**Brief**
Each line from the first down to the one containing "t \<le> copnorm" should be returned exactly as it appears below.

Top of Available data

lemma cmat_vec_norm_le: "cvec_norm nr (cmat_vec nc M x) \<le> copnorm nr nc M * cvec_norm nc x"
proof (cases "cvec_norm nc x = 0")
  case True
  then have "cmat_vec nc M x = (\<lambda>_. 0)"
    by (simp add: cmat_vec_def cvec_norm_eq_0_iff)
  then show ?thesis
    using True by simp
next
  case False
  define t where "t = cvec_norm nc x"
  have "t > 0"
    using False cvec_norm_nonneg[of nc x] by (simp add: t_def)
  then have "cvec_norm nc (\<lambda>j. of_real (1 / t) * x j) \<le> 1"
    unfolding cvec_norm_scale norm_of_real by (simp add: t_def)
  then have "cvec_norm nr (cmat_vec nc M (\<lambda>j. of_real (1 / t) * x j)) \<le> copnorm nr nc M"
    by (rule copnorm_upper)
  then have "cvec_norm nr (cmat_vec nc M x) / t \<le> copnorm nr nc M"
    using \<open>t > 0\<close> unfolding cmat_vec_scale cvec_norm_scale norm_of_real by simp
  then show ?thesis
    using \<open>t > 0\<close> by (simp add: t_def pos_divide_le_eq)
qed

lemma cmat_adj_vec_norm_le: "cvec_norm nc (cmat_adj_vec nr M y) \<le> copnorm nr nc M * cvec_norm nr y"
proof -
  define u where "u = cmat_adj_vec nr M y"
  have "(cvec_norm nc u)\<^sup>2 = Re (cvec_inner nr (cmat_vec nc M u) y)"
    by (simp add: power2_cvec_norm cvec_inner_cmat_vec u_def)
  also have "\<dots> \<le> cvec_norm nr (cmat_vec nc M u) * cvec_norm nr y"
    by (rule order_trans[OF complex_Re_le_cmod cvec_inner_cauchy_schwarz])
  also have "\<dots> \<le> copnorm nr nc M * cvec_norm nc u * cvec_norm nr y"
    by (intro mult_right_mono cmat_vec_norm_le cvec_norm_nonneg)
  finally have "cvec_norm nc u * cvec_norm nc u \<le> copnorm nr nc M * cvec_norm nr y * cvec_norm nc u"
    by (simp add: power2_eq_square mult_ac)
  then show ?thesis
    using cvec_norm_nonneg[of nc u] copnorm_nonneg[of nr nc M] cvec_norm_nonneg[of nr y]
    unfolding u_def[symmetric]
    by (metis mult_nonneg_nonneg mult_right_le_imp_le order.strict_iff_order)
qed

(* With a = |M|^2 and g_i = <v, (M^H M)^i v>, the hypotheses say that a - t, (a - t)^2 and
   (a - t)^3 have nonnegative integrals against the spectral measure of M^H M at v; the last two
   come from |(a - M^H M) v|^2 >= 0 and |M (a - M^H M) v|^2 <= a |(a - M^H M) v|^2.  The identity
   in the proof is the Taylor expansion of t (1 - mu t)^2 at t = a, whose coefficients are
   nonnegative when 3 mu a <= 1. *)
lemma cubic_moment_bound:
  fixes \<mu> a g0 g1 g2 g3 :: real
  assumes "0 \<le> \<mu>" and "3 * \<mu> * a \<le> 1"
    and "g1 \<le> a * g0"
    and "0 \<le> a\<^sup>2 * g0 - 2 * a * g1 + g2"
    and "a\<^sup>2 * g1 - 2 * a * g2 + g3 \<le> a * (a\<^sup>2 * g0 - 2 * a * g1 + g2)"
  shows "g1 - 2 * \<mu> * g2 + \<mu>\<^sup>2 * g3 \<le> a * (1 - \<mu> * a)\<^sup>2 * g0"
proof -
  define c1 where "c1 = (1 - \<mu> * a) * (1 - 3 * \<mu> * a)"
  define c2 where "c2 = \<mu> * (2 - 3 * \<mu> * a)"
  have "a * (1 - \<mu> * a)\<^sup>2 * g0 - (g1 - 2 * \<mu> * g2 + \<mu>\<^sup>2 * g3)
     = c1 * (a * g0 - g1) + c2 * (a\<^sup>2 * g0 - 2 * a * g1 + g2)
       + \<mu>\<^sup>2 * (a * (a\<^sup>2 * g0 - 2 * a * g1 + g2) - (a\<^sup>2 * g1 - 2 * a * g2 + g3))"
    unfolding c1_def c2_def by algebra
  moreover have "0 \<le> c1" "0 \<le> c2"
    using assms(1,2) unfolding c1_def c2_def by (auto intro!: mult_nonneg_nonneg)
  ultimately show ?thesis
    using assms(3-5) by (smt (verit) mult_nonneg_nonneg zero_le_power2)
qed

lemma power2_cmat_vec_norm_le:
  "(cvec_norm nr (cmat_vec nc M x))\<^sup>2 \<le> (copnorm nr nc M)\<^sup>2 * (cvec_norm nc x)\<^sup>2"
  by (metis cmat_vec_norm_le cvec_norm_nonneg power_mono power_mult_distrib)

Bottom of Available data

**Final answer**
lemma cmat_vec_norm_le: "cvec_norm nr (cmat_vec nc M x) \<le> copnorm nr nc M * cvec_norm nc x"
proof (cases "cvec_norm nc x = 0")
  case True
  then have "cmat_vec nc M x = (\<lambda>_. 0)"
    by (simp add: cmat_vec_def cvec_norm_eq_0_iff)
  then show ?thesis
    using True by simp
next
  case False
  define t where "t = cvec_norm nc x"
  have "t > 0"
    using False cvec_norm_nonneg[of nc x] by (simp add: t_def)
  then have "cvec_norm nc (\<lambda>j. of_real (1 / t) * x j) \<le> 1"
    unfolding cvec_norm_scale norm_of_real by (simp add: t_def)
  then have "cvec_norm nr (cmat_vec nc M (\<lambda>j. of_real (1 / t) * x j)) \<le> copnorm nr nc M"
    by (rule copnorm_upper)
  then have "cvec_norm nr (cmat_vec nc M x) / t \<le> copnorm nr nc M"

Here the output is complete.